*** MATERIAL TO PROCESS ***
(* Let $T$ be a decomposition tree of a distance-hereditary graph $G$, and let $v$ be an internal node of $T$ labeled $\oplus$ with left child $v_l$ and right child $v_r$, such that property (P) holds at $v_l$ and at $v_r$. Assume $\hat\alpha(v_r)>\hat\beta(v_l)$. Then $\hat{min}(v)=\hat{min}(v_l)+\hat{min}(v_r)+\hat\alpha(v_r)-\hat\beta(v_l)$.
   Context: All graphs are finite, simple, undirected. For a graph $H$ and $S\subseteq V(H)$, $N_H[S]$ is $S$ together with all vertices adjacent to a vertex of $S$, and $H[S]$ is the induced subgraph. Graphs carry a "twin set": a single-vertex graph on $x$ has twin set $\{x\}$. For vertex-disjoint graphs $G_l,G_r$ with twin sets $TS(G_l),TS(G_r)$: the true twin operation $G_l\otimes G_r$ has vertex set $V(G_l)\cup V(G_r)$, edge set $E(G_l)\cup E(G_r)\cup\{uw: u\in TS(G_l), w\in TS(G_r)\}$ and twin set $TS(G_l)\cup TS(G_r)$; the false twin operation $G_l\odot G_r$ has vertex set $V(G_l)\cup V(G_r)$, edge set $E(G_l)\cup E(G_r)$, twin set $TS(G_l)\cup TS(G_r)$; the attachment operation $G_l\oplus G_r$ has the same vertex and edge sets as $G_l\otimes G_r$ and twin set $TS(G_l)$. A decomposition tree $T$ of $G$ is a rooted binary tree whose leaves are in bijection with $V(G)$, each internal node having a left and a right child and a label in $\{\otimes,\odot,\oplus\}$; for each node $v$ define $\hat G(v)$ and $\hat{TS}(v)$ recursively: for a leaf $x$, the single-vertex graph on $x$ with twin set $\{x\}$; for an internal node $v$ with label $\circ$ and children $v_l,v_r$, $\hat G(v)=\hat G(v_l)\circ\hat G(v_r)$ with the corresponding twin set; one requires $\hat G(\text{root})=G$. Then $\hat G(v)$ is the subgraph of $G$ induced by the set $\hat V(v)$ of leaves below $v$. For a node $u$ and $0\le k\le|\hat{TS}(u)|$, call $S\subseteq\hat V(u)$ $k$-feasible if $\hat V(u)\setminus\hat{TS}(u)\subseteq N_{\hat G(u)}[S]$ and there is $X\subseteq S\cap\hat{TS}(u)$ with $|X|=k$ such that $\hat G(u)[S\setminus X]$ has a perfect matching. $\hat\gamma_k(u)$ is the minimum size of a $k$-feasible set. $\hat{min}(u)=\min\{\hat\gamma_k(u):0\le k\le|\hat{TS}(u)|\}$, and $\hat\alpha(u)$, $\hat\beta(u)$ are the smallest and the largest $k$ with $\hat\gamma_k(u)=\hat{min}(u)$. Property (P) holds at $u$ if for every $0\le k\le|\hat{TS}(u)|$: $\hat\gamma_k(u)=\hat{min}(u)+\hat\alpha(u)-k$ when $k\le\hat\alpha(u)$; $\hat\gamma_k(u)=\hat{min}(u)+k-\hat\beta(u)$ when $k\ge\hat\beta(u)$; $\hat\gamma_k(u)=\hat{min}(u)$ when $\hat\alpha(u)<k<\hat\beta(u)$ and $k-\hat\alpha(u)$ is even; and $\hat\gamma_k(u)=\hat{min}(u)+1$ otherwise. *)

theory Defs
  imports Main "HOL-Library.Extended_Nat"
begin

text \<open>A finite simple graph is a pair (V, E) with E a set of 2-element subsets of V.\<close>

type_synonym 'a graph = "'a set \<times> 'a set set"

definition adj :: "'a graph \<Rightarrow> 'a \<Rightarrow> 'a \<Rightarrow> bool" where
  "adj G u w \<longleftrightarrow> {u, w} \<in> snd G"

definition closed_nbhd :: "'a graph \<Rightarrow> 'a set \<Rightarrow> 'a set" where
  "closed_nbhd G S = S \<union> {w \<in> fst G. \<exists>u\<in>S. adj G u w}"

definition induced :: "'a graph \<Rightarrow> 'a set \<Rightarrow> 'a graph" where
  "induced G S = (S \<inter> fst G, {e \<in> snd G. e \<subseteq> S})"

definition perfect_matching :: "'a graph \<Rightarrow> 'a set set \<Rightarrow> bool" where
  "perfect_matching G M \<longleftrightarrow> M \<subseteq> snd G \<and>
     (\<forall>e1\<in>M. \<forall>e2\<in>M. e1 \<noteq> e2 \<longrightarrow> e1 \<inter> e2 = {}) \<and> \<Union>M = fst G"

definition has_perfect_matching :: "'a graph \<Rightarrow> bool" where
  "has_perfect_matching G \<longleftrightarrow> (\<exists>M. perfect_matching G M)"

definition walk_in :: "'a graph \<Rightarrow> 'a set \<Rightarrow> 'a list \<Rightarrow> bool" where
  "walk_in G S p \<longleftrightarrow> p \<noteq> [] \<and> set p \<subseteq> S \<inter> fst G \<and>
     (\<forall>i. Suc i < length p \<longrightarrow> adj G (p ! i) (p ! Suc i))"

definition connected_in :: "'a graph \<Rightarrow> 'a set \<Rightarrow> bool" where
  "connected_in G S \<longleftrightarrow> (\<forall>u\<in>S. \<forall>w\<in>S. \<exists>p. walk_in G S p \<and> hd p = u \<and> last p = w)"

definition dist_in :: "'a graph \<Rightarrow> 'a set \<Rightarrow> 'a \<Rightarrow> 'a \<Rightarrow> nat" where
  "dist_in G S u w = (LEAST n. \<exists>p. walk_in G S p \<and> hd p = u \<and> last p = w \<and> length p = Suc n)"

definition distance_hereditary :: "'a graph \<Rightarrow> bool" where
  "distance_hereditary G \<longleftrightarrow>
     (\<forall>S \<subseteq> fst G. connected_in G S \<longrightarrow>
        (\<forall>u\<in>S. \<forall>w\<in>S. dist_in G S u w = dist_in G (fst G) u w))"

datatype op = TrueTwin | FalseTwin | Attach

datatype 'a dtree = Leaf 'a | Node op "'a dtree" "'a dtree"

fun tverts :: "'a dtree \<Rightarrow> 'a set" where
  "tverts (Leaf x) = {x}"
| "tverts (Node _ l r) = tverts l \<union> tverts r"

fun tTS :: "'a dtree \<Rightarrow> 'a set" where
  "tTS (Leaf x) = {x}"
| "tTS (Node TrueTwin l r) = tTS l \<union> tTS r"
| "tTS (Node FalseTwin l r) = tTS l \<union> tTS r"
| "tTS (Node Attach l r) = tTS l"

fun tedges :: "'a dtree \<Rightarrow> 'a set set" where
  "tedges (Leaf x) = {}"
| "tedges (Node TrueTwin l r) = tedges l \<union> tedges r \<union> {{u, w} | u w. u \<in> tTS l \<and> w \<in> tTS r}"
| "tedges (Node FalseTwin l r) = tedges l \<union> tedges r"
| "tedges (Node Attach l r) = tedges l \<union> tedges r \<union> {{u, w} | u w. u \<in> tTS l \<and> w \<in> tTS r}"

definition tgraph :: "'a dtree \<Rightarrow> 'a graph" where
  "tgraph t = (tverts t, tedges t)"

text \<open>Children must be vertex-disjoint (leaves in bijection with vertices).\<close>
fun wf_dtree :: "'a dtree \<Rightarrow> bool" where
  "wf_dtree (Leaf x) = True"
| "wf_dtree (Node _ l r) \<longleftrightarrow> wf_dtree l \<and> wf_dtree r \<and> tverts l \<inter> tverts r = {}"

definition decomposition_tree :: "'a dtree \<Rightarrow> 'a graph \<Rightarrow> bool" where
  "decomposition_tree T G \<longleftrightarrow> wf_dtree T \<and> tgraph T = G"

text \<open>Nodes of a tree, identified with the subtrees rooted at them.\<close>
fun nodes :: "'a dtree \<Rightarrow> 'a dtree set" where
  "nodes (Leaf x) = {Leaf x}"
| "nodes (Node c l r) = insert (Node c l r) (nodes l \<union> nodes r)"

definition k_feasible :: "'a dtree \<Rightarrow> nat \<Rightarrow> 'a set \<Rightarrow> bool" where
  "k_feasible u k S \<longleftrightarrow> S \<subseteq> tverts u \<and>
     tverts u - tTS u \<subseteq> closed_nbhd (tgraph u) S \<and>
     (\<exists>X. X \<subseteq> S \<inter> tTS u \<and> card X = k \<and>
          has_perfect_matching (induced (tgraph u) (S - X)))"

text \<open>Minimum size of a k-feasible set (\<open>\<infinity>\<close> if none exists).\<close>
definition gamma_hat :: "'a dtree \<Rightarrow> nat \<Rightarrow> enat" where
  "gamma_hat u k = (INF S \<in> {S. k_feasible u k S}. enat (card S))"

definition min_hat :: "'a dtree \<Rightarrow> enat" where
  "min_hat u = Min (gamma_hat u ` {0..card (tTS u)})"

definition alpha_hat :: "'a dtree \<Rightarrow> nat" where
  "alpha_hat u = Min {k. k \<le> card (tTS u) \<and> gamma_hat u k = min_hat u}"

definition beta_hat :: "'a dtree \<Rightarrow> nat" where
  "beta_hat u = Max {k. k \<le> card (tTS u) \<and> gamma_hat u k = min_hat u}"

definition property_P :: "'a dtree \<Rightarrow> bool" where
  "property_P u \<longleftrightarrow> (\<forall>k \<le> card (tTS u).
     (k \<le> alpha_hat u \<longrightarrow> gamma_hat u k = min_hat u + enat (alpha_hat u - k)) \<and>
     (beta_hat u \<le> k \<longrightarrow> gamma_hat u k = min_hat u + enat (k - beta_hat u)) \<and>
     (alpha_hat u < k \<and> k < beta_hat u \<and> even (k - alpha_hat u) \<longrightarrow> gamma_hat u k = min_hat u) \<and>
     (alpha_hat u < k \<and> k < beta_hat u \<and> odd (k - alpha_hat u) \<longrightarrow> gamma_hat u k = min_hat u + 1))"

end

(*
  A k-feasible set S of l \<oplus> r splits into a (k + m)-feasible set of l and an m-feasible set
  of r, where m counts the edges of the perfect matching of S - X that join the two twin sets:
  their endpoints become additional unmatched twins on both sides. Conversely, m unmatched twins
  on each side can be paired off by such cross edges. By property (P) the two parts have sizes
  at least min(l) + (k + m - beta(l)) and min(r) + (alpha(r) - m), which add up to at least
  min(l) + min(r) + alpha(r) - beta(l). When alpha(r) > beta(l) the bound is attained for k = 0
  and m = min(alpha(r), |TS(l)|), which lies on the rising slope of l and the falling slope of r.
*)
theory Submission
  imports Defs
begin

lemma closed_nbhd_mono:
  assumes "fst G \<subseteq> fst H" "snd G \<subseteq> snd H" "S \<subseteq> T"
  shows "closed_nbhd G S \<subseteq> closed_nbhd H T"
  using assms unfolding closed_nbhd_def adj_def by blast

lemma perfect_matching_induced_iff:
  assumes "W \<subseteq> fst G"
  shows "perfect_matching (induced G W) M \<longleftrightarrow>
    M \<subseteq> snd G \<and> pairwise disjnt M \<and> \<Union>M = W"
  using assms unfolding perfect_matching_def induced_def pairwise_def disjnt_def
  by auto

lemma pairwise_disjnt_Un:
  assumes "pairwise disjnt A" "pairwise disjnt B" "disjnt (\<Union>A) (\<Union>B)"
  shows "pairwise disjnt (A \<union> B)"
  using assms unfolding pairwise_def disjnt_def by blast

lemma pairwise_disjnt_pairs:
  assumes "inj_on f X" "disjnt X (f ` X)"
  shows "pairwise disjnt ((\<lambda>x. {x, f x}) ` X)"
  using assms unfolding pairwise_def disjnt_def inj_on_def by blast

lemma card_Union_Int_eq_card:
  assumes disjoint: "pairwise disjnt M" and one: "\<And>e. e \<in> M \<Longrightarrow> card (e \<inter> V) = 1"
  shows "card (\<Union>M \<inter> V) = card M"
proof -
  have inj: "inj_on (\<lambda>e. e \<inter> V) M"
  proof (rule inj_onI)
    fix e e' assume "e \<in> M" "e' \<in> M" "e \<inter> V = e' \<inter> V"
    moreover have "e \<inter> V \<noteq> {}"
      using one[OF \<open>e \<in> M\<close>] by auto
    ultimately show "e = e'"
      using disjoint unfolding pairwise_def disjnt_def by blast
  qed
  have "\<Union>M \<inter> V = \<Union>((\<lambda>e. e \<inter> V) ` M)"
    by blast
  also have "card \<dots> = sum card ((\<lambda>e. e \<inter> V) ` M)"
  proof (rule card_Union_disjoint)
    show "pairwise disjnt ((\<lambda>e. e \<inter> V) ` M)"
      by (rule disjoint_image_subset[OF disjoint]) blast
    show "finite A" if "A \<in> (\<lambda>e. e \<inter> V) ` M" for A
      using that one by (auto intro: card_ge_0_finite)
  qed
  also have "\<dots> = card M"
    using one by (simp add: sum.reindex[OF inj])
  finally show ?thesis .
qed

lemma Union_within_part:
  assumes disjoint: "pairwise disjnt M" and covered: "\<forall>e \<in> M. e \<subseteq> V1 \<union> V2"
    and "V1 \<inter> V2 = {}" "V \<in> {V1, V2}"
  shows "\<Union>{e \<in> M. e \<subseteq> V} = \<Union>M \<inter> V - \<Union>{e \<in> M. \<not> e \<subseteq> V1 \<and> \<not> e \<subseteq> V2}"
proof (intro equalityI subsetI)
  fix v assume "v \<in> \<Union>{e \<in> M. e \<subseteq> V}"
  then obtain e where e: "e \<in> M" "e \<subseteq> V" "v \<in> e"
    by blast
  have "e' = e" if "e' \<in> M" "v \<in> e'" for e'
    using disjoint e that unfolding pairwise_def disjnt_def by blast
  then show "v \<in> \<Union>M \<inter> V - \<Union>{e \<in> M. \<not> e \<subseteq> V1 \<and> \<not> e \<subseteq> V2}"
    using e assms(4) by blast
next
  fix v assume v: "v \<in> \<Union>M \<inter> V - \<Union>{e \<in> M. \<not> e \<subseteq> V1 \<and> \<not> e \<subseteq> V2}"
  then obtain e where e: "e \<in> M" "v \<in> e" "e \<subseteq> V1 \<or> e \<subseteq> V2"
    by blast
  then have "e \<subseteq> V"
    using v assms(3,4) by blast
  then show "v \<in> \<Union>{e \<in> M. e \<subseteq> V}"
    using e by blast
qed

lemma join_matchings_by_pairs:
  assumes MA: "pairwise disjnt MA" "\<Union>MA = A - XA" and MB: "pairwise disjnt MB" "\<Union>MB = B - XB"
    and AB: "A \<inter> B = {}" and subsets: "Y \<subseteq> XA" "XA \<subseteq> A" "XB \<subseteq> B"
    and f: "bij_betw f Y XB"
  shows "pairwise disjnt (MA \<union> MB \<union> (\<lambda>a. {a, f a}) ` Y)"
    and "\<Union>(MA \<union> MB \<union> (\<lambda>a. {a, f a}) ` Y) = A \<union> B - (XA - Y)"
proof -
  have Union_pairs: "\<Union>((\<lambda>a. {a, f a}) ` Y) = Y \<union> XB"
    using bij_betw_imp_surj_on[OF f] by blast
  have "disjnt Y (f ` Y)"
    using bij_betw_imp_surj_on[OF f] subsets AB unfolding disjnt_def by blast
  then have "pairwise disjnt ((\<lambda>a. {a, f a}) ` Y)"
    using bij_betw_imp_inj_on[OF f] by (intro pairwise_disjnt_pairs)
  then show "pairwise disjnt (MA \<union> MB \<union> (\<lambda>a. {a, f a}) ` Y)"
    using MA MB AB subsets
    by (intro pairwise_disjnt_Un) (auto simp: Union_pairs disjnt_def)
  show "\<Union>(MA \<union> MB \<union> (\<lambda>a. {a, f a}) ` Y) = A \<union> B - (XA - Y)"
    unfolding Union_Un_distrib MA(2) MB(2) Union_pairs using subsets AB by blast
qed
*** End of MATERIAL TO PROCESS ***
> [WORK INSTRUCTION] Among the lines above, which hold the word "lemma"? Report each one.

> [WRITTEN REPLY]
lemma closed_nbhd_mono:
lemma perfect_matching_induced_iff:
lemma pairwise_disjnt_Un:
lemma pairwise_disjnt_pairs:
lemma card_Union_Int_eq_card:
lemma Union_within_part:
lemma join_matchings_by_pairs:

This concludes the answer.